Fast forward almost 22 years, a weight loss of 6 stone, countless sessions of expensive CBT (Cognitive Behavioural Therapy) and ACT (Acceptance and Commitment Therapy) under my belt, plus Drama School, my ‘coming-out’ parade in my third year (everyone already knew btw) some acting jobs, a lot of non-acting jobs, relationships (very few significant ones I might add) along with 13 years of ups and downs, some major personal losses, some major debt gain, plus some periods of stability and dare I say actual happiness and I find myself at nearly 36, living with my parents again, a few stone heavier, self-medicating more regularly than I should and still in submission to my mental health issues.
Despite this, I must admit that when I do actually get the job, despite the anxiety, panic and insecurities I experience in rehearsals (which I think every actor faces tbh) I find that when I’m actually performing, I’m free of it all. It all disappears. I’m finally worthy of myself. I am complete. I’m who I’m meant to be. I can still do it! I’m proving that I can still do it – that I have talent. I’m meant to be pursuing this career path. I have not wasted all of this time, energy and money (oh the money!) thus far on this career choice. The problem is, I’m often so low and without confidence that on the rare occasion I do get in the casting room I get in my own way as I’m so hyper-aware of everything and in fear of being scrutinised because of my weight, appearance and/or sexuality. (Note to self: no-one can actually see those things. Well, apart from my stomach!) I’m never really concerned though about the acting side of it. Its everything else – and all those other elements actually prevent me from being me and the best that I can be in that audition room.
The bottom line here is that I’m unable to sustain the feeling I have when performing – and its that feeling that drives me. I’m addicted to it.
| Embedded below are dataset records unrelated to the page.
text \<open>dim (W/W')_\<mu>. Submodules of weight modules are weight modules, so
  (W/W')_\<mu> = W_\<mu>/W'_\<mu>; all weight spaces here are finite-dimensional.\<close>
definition sq_wdim ::
  "(complex \<Rightarrow> 'v::ab_group_add \<Rightarrow> 'v) \<Rightarrow> (complex \<Rightarrow> 'v \<Rightarrow> 'v) \<Rightarrow> 'v set \<Rightarrow> 'v set \<Rightarrow> complex \<Rightarrow> nat" where
  "sq_wdim sc \<rho> W W' \<mu> = vector_space.dim sc (W \<inter> wt sc \<rho> \<mu>) - vector_space.dim sc (W' \<inter> wt sc \<rho> \<mu>)"

text \<open>W1/W1' and W2/W2' are isomorphic Vir[H]-modules: a linear map f with f(W1) in W2
  inducing a bijective Vir[H]-homomorphism W1/W1' -> W2/W2'.\<close>
definition sq_iso ::
  "(complex \<Rightarrow> 'v::ab_group_add \<Rightarrow> 'v) \<Rightarrow> (complex \<Rightarrow> 'v \<Rightarrow> 'v) \<Rightarrow> complex set \<Rightarrow>
   'v set \<Rightarrow> 'v set \<Rightarrow> 'v set \<Rightarrow> 'v set \<Rightarrow> bool" where
  "sq_iso sc \<rho> H W1 W1' W2 W2' \<longleftrightarrow> (\<exists>f. Vector_Spaces.linear sc sc f \<and>
     (\<forall>w\<in>W1. f w \<in> W2) \<and>
     (\<forall>w\<in>W1. f w \<in> W2' \<longleftrightarrow> w \<in> W1') \<and>
     (\<forall>u\<in>W2. \<exists>w\<in>W1. u - f w \<in> W2') \<and>
     (\<forall>x\<in>H. \<forall>w\<in>W1. f (\<rho> x w) - \<rho> x (f w) \<in> W2'))"

end

theory Submission
  imports Defs
begin

text \<open>
  Put \<open>W = U(G') V\<^sub>\<lambda>\<close> and let \<open>W'\<close> be the sum of all \<open>Vir[G']\<close>-submodules of \<open>W\<close> that
  meet \<open>V\<^sub>\<lambda>\<close> trivially. Submodules are \<open>d\<^sub>0\<close>-stable and hence contain the weight
  components of their elements, so such a submodule lies in the sum of the weight spaces other
  than \<open>V\<^sub>\<lambda>\<close>; therefore sums of them still meet \<open>V\<^sub>\<lambda>\<close> trivially, and \<open>W'\<close> is the largest
  one. Irreducibility of \<open>V\<^sub>\<mu>\<close> over \<open>U(G\<^sub>I)\<^sub>0\<close> says that every submodule either contains
  \<open>V\<^sub>\<mu>\<close> or meets it in \<open>0\<close>. For \<open>\<mu> = \<lambda>\<close> this makes \<open>W/W'\<close> irreducible, and together with
  (b) it gives \<open>W\<^sub>\<mu> = V\<^sub>\<mu>\<close> and \<open>W'\<^sub>\<mu> = 0\<close> for all \<open>\<mu> \<in> I\<close>. Conversely, a subquotient
  \<open>X/X'\<close> of the right dimension at \<open>\<lambda>\<close> has \<open>V\<^sub>\<lambda> \<subseteq> X\<close> and \<open>X' \<inter> V\<^sub>\<lambda> = 0\<close>; maximality
  of \<open>W'\<close> and irreducibility of \<open>X/X'\<close> then force \<open>W \<inter> X' = W'\<close> and \<open>X = W + X'\<close>, so the
  inclusion \<open>W \<subseteq> X\<close> induces \<open>W/W' \<cong> X/X'\<close>.

  Only the weight-module structure, \<open>dim V\<^sub>\<lambda> < \<infinity>\<close>, (b) and (c) are needed.
\<close>

lemma submod_antimono: "H' \<subseteq> H \<Longrightarrow> submod sc \<rho> H X \<Longrightarrow> submod sc \<rho> H' X"
  unfolding submod_def by blast

lemma submod_mono_closed:
  "submod sc \<rho> H X \<Longrightarrow> set xs \<subseteq> H \<Longrightarrow> w \<in> X \<Longrightarrow> mono \<rho> xs w \<in> X"
  by (induction xs) (auto simp: submod_def mono_def)

lemma fin_dim_subset: "fin_dim sc T \<Longrightarrow> S \<subseteq> T \<Longrightarrow> fin_dim sc S"
  unfolding fin_dim_def by blast

lemma sum_list_mem_add_subgroup: "add_subgroup H \<Longrightarrow> set xs \<subseteq> H \<Longrightarrow> sum_list xs \<in> H"
  by (induction xs) (auto simp: add_subgroup_def)

locale complex_vector_space = vector_space scale
  for scale :: "complex \<Rightarrow> 'v::ab_group_add \<Rightarrow> 'v"
begin

lemma fin_dim_independent_bound:
  assumes "fin_dim scale T" "C \<subseteq> T" "independent C"
  shows "finite C \<and> card C \<le> dim T"
proof -
  obtain B0 where B0: "finite B0" "T \<subseteq> span B0"
    using assms(1) unfolding fin_dim_def by blast
  obtain B where B: "B \<subseteq> T" "independent B" "T \<subseteq> span B" "card B = dim T"
    by (rule basis_exists)
  have "B \<subseteq> span B0"
    using B(1) B0(2) by blast
  then have "finite B"
    using independent_span_bound[OF B0(1) B(2)] by blast
  moreover have "C \<subseteq> span B"
    using assms(2) B(3) by blast
  ultimately show ?thesis
    using independent_span_bound[of B C] assms(3) B(4) by simp
qed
Once a job is finished and I’m not regularly flexing the acting muscle, I simply don’t believe that I’m any good or can do it anymore. I need evidence. I need another job. I need an acting hit to validate me again. The jobs inevitably do not come and rapidly I lose myself – and the fog of anxiety and depression hits again.
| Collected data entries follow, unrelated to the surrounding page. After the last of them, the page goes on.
theorem proposition5p4:
  fixes A B A1 A2 :: "nat \<Rightarrow> nat \<Rightarrow> 'a::{finite,field}"
    and m k m1 k1 m2 k2 :: nat and \<sigma> :: "nat \<Rightarrow> nat"
  assumes "m1 \<noteq> 0" "m2 \<noteq> 0" "k1 \<noteq> 0" "k2 \<noteq> 0"
    and "k = k1 + k2"
    and "bij_betw \<sigma> {..<k} {..<k}"
    and "\<forall>i<m1+m2. \<forall>j<k. B i (\<sigma> j) = block_diag m1 k1 A1 A2 i j"
    and "equivalent_systems m A (m1 + m2) B k"
  shows "temperate m k A \<longleftrightarrow> temperate m1 k1 A1 \<and> temperate m2 k2 A2"
proof -
  let ?R1 = "in_row_space m1 k1 A1" and ?R2 = "in_row_space m2 k2 A2"
  have R1_cong: "\<And>b b'. (\<And>j. j < k1 \<Longrightarrow> b j = b' j) \<Longrightarrow> ?R1 b \<longleftrightarrow> ?R1 b'"
    by (rule in_row_space_cong)
  have B_block: "in_row_space (m1 + m2) k B b \<longleftrightarrow> block_relation k1 ?R1 ?R2 (b \<circ> \<sigma>)" for b
  proof -
    have "in_row_space (m1 + m2) k B b \<longleftrightarrow> in_row_space (m1 + m2) k (block_diag m1 k1 A1 A2) (b \<circ> \<sigma>)"
      by (rule in_row_space_permute[OF assms(6)]) (use assms(7) in simp)
    then show ?thesis by (simp add: assms(5) in_row_space_block_diag block_relation_def)
  qed
  have block_cong: "block_relation k1 ?R1 ?R2 b \<longleftrightarrow> block_relation k1 ?R1 ?R2 b'"
    if "\<And>j. j < k \<Longrightarrow> b j = b' j" for b b'
    using in_row_space_cong[of k1 b b' m1 A1] in_row_space_cong[of k2 "\<lambda>j. b (k1 + j)" "\<lambda>j. b' (k1 + j)" m2 A2]
      that by (simp add: assms(5) block_relation_def)
  have "temperate m k A \<longleftrightarrow> temperate_wrt (in_row_space (m1 + m2) k B) k"
    by (simp add: temperate_iff equivalent_systems_row_space[OF assms(8)])
  also have "\<dots> \<longleftrightarrow> temperate_wrt (block_relation k1 ?R1 ?R2) k"
    using assms(6) B_block block_cong by (rule temperate_wrt_permute)
  also have "\<dots> \<longleftrightarrow> temperate_wrt ?R1 k1 \<and> temperate_wrt ?R2 k2"
    unfolding assms(5) using in_row_space_zero in_row_space_zero R1_cong by (rule temperate_wrt_block_iff)
  also have "\<dots> \<longleftrightarrow> temperate m1 k1 A1 \<and> temperate m2 k2 A2" by (simp add: temperate_iff)
  finally show ?thesis .
qed

end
“Let go, Andrew!” was all I was ever told at Drama school. How do you let go?! I felt, and to this day feel, that for me to achieve this ‘letting go’ I would need to decapitate myself or scoop my brains out and replace them with a new brain that was not full of pointless programming!
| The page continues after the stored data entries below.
text \<open>The Hardy--Littlewood inequality for partial sums: the weights decrease, and the
  partial sums of \<open>dec_rearr x\<close> dominate those of \<open>|x|\<close>.\<close>
lemma sum_weighted_abs_powr_le_dec_rearr:
  assumes "x \<longlonglongrightarrow> 0"
  shows "(\<Sum>n<N. w n * \<bar>x n\<bar> powr p) \<le> (\<Sum>n<N. w n * dec_rearr x n powr p)"
proof (rule sum_weighted_le_if_partial_sums_le)
  show "(\<Sum>n<M. \<bar>x n\<bar> powr p) \<le> (\<Sum>n<M. dec_rearr x n powr p)" for M
    using sum_abs_powr_le_sum_dec_rearr[OF tendsto_0_imp_Bseq[OF assms], of p "{..<M}"] p_pos by simp
qed (auto intro: weight_nonneg weight_antimono)

lemma lorentz_sum_le_lp_sum:
  assumes y: "summable (\<lambda>k. \<bar>y k\<bar> powr p)"
  shows "y \<in> lorentz_space w p \<and> lorentz_sum w p y \<le> (\<Sum>k. \<bar>y k\<bar> powr p)"
proof -
  have "(\<lambda>k. (\<bar>y k\<bar> powr p) powr (1/p)) \<longlonglongrightarrow> 0"
    by (rule tendsto_zero_powrI[OF summable_LIMSEQ_zero[OF y] tendsto_const]) (use p_pos in auto)
  then have "(\<lambda>k. \<bar>y k\<bar>) \<longlonglongrightarrow> 0"
    using p_pos by (simp add: powr_powr)
  then have y0: "y \<longlonglongrightarrow> 0" by (simp add: tendsto_rabs_zero_iff)
  show ?thesis
  proof (rule lorentz_sum_le_if_partial_sums_le[OF _ y0])
    fix N
    obtain F where F: "finite F" "card F = N"
      "(\<Sum>n<N. dec_rearr y n powr p) \<le> (\<Sum>k\<in>F. \<bar>y k\<bar> powr p)"
      using ex_sum_dec_rearr_le_sum_abs_powr[OF y0 p_pos] by blast
    have "(\<Sum>n<N. w n * dec_rearr y n powr p) \<le> (\<Sum>n<N. dec_rearr y n powr p)"
      using weight_le_1 weight_nonneg by (intro sum_mono mult_left_le_one_le) auto
    also have "\<dots> \<le> (\<Sum>k. \<bar>y k\<bar> powr p)"
      using order_trans[OF F(3) sum_le_suminf[OF y F(1)]] by simp
    finally show "(\<Sum>n<N. w n * dec_rearr y n powr p) \<le> (\<Sum>k. \<bar>y k\<bar> powr p)" .
  qed
qed

lemma lp_subset_lorentz_space:
  assumes "y \<in> lp_space p"
  shows "y \<in> lorentz_space w p \<and> lorentz_norm w p y \<le> lp_norm p y"
  using lorentz_sum_le_lp_sum[of y] assms lorentz_sum_nonneg p_pos
  unfolding lp_space_def lp_norm_def lorentz_norm_eq_lorentz_sum_powr by (simp add: powr_mono2)

lemma lp_embedding_bdd_lin_op:
  "bdd_lin_op (lp_space p) (lp_norm p) (lorentz_space w p) (lorentz_norm w p) (\<lambda>y. y)"
  unfolding bdd_lin_op_def using lp_subset_lorentz_space by (metis mult_1)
In reality, my mental health issues existing alongside my pursuit of an acting career and the general demands of day-to-day life have culminated in a gradual progression over the last decade of slowly removing myself from my performance career in many aspects, leaving me with an overwhelming sense of failure and regret. I’ve worked yes, but nowhere near as often as I would have liked and at the level that I would have hoped to have achieved – or more importantly, what I feel I deserve and am talented enough to have achieved. Perhaps its been the issues with my mental health that have sabotaged my potential for success and fulfilment? Who knows. All I know is that having created this website this week, I still love to act – and I think that I’m actually quite good at it. I just wish that there was more support and understanding about mental health amongst the profession to make me feel less alienated, abnormal and helpless and to essentially support me during the highs and lows that inevitably come when pursuing a career as an actor.
Thank you for reading and do feel free to comment. Happiness to all of you.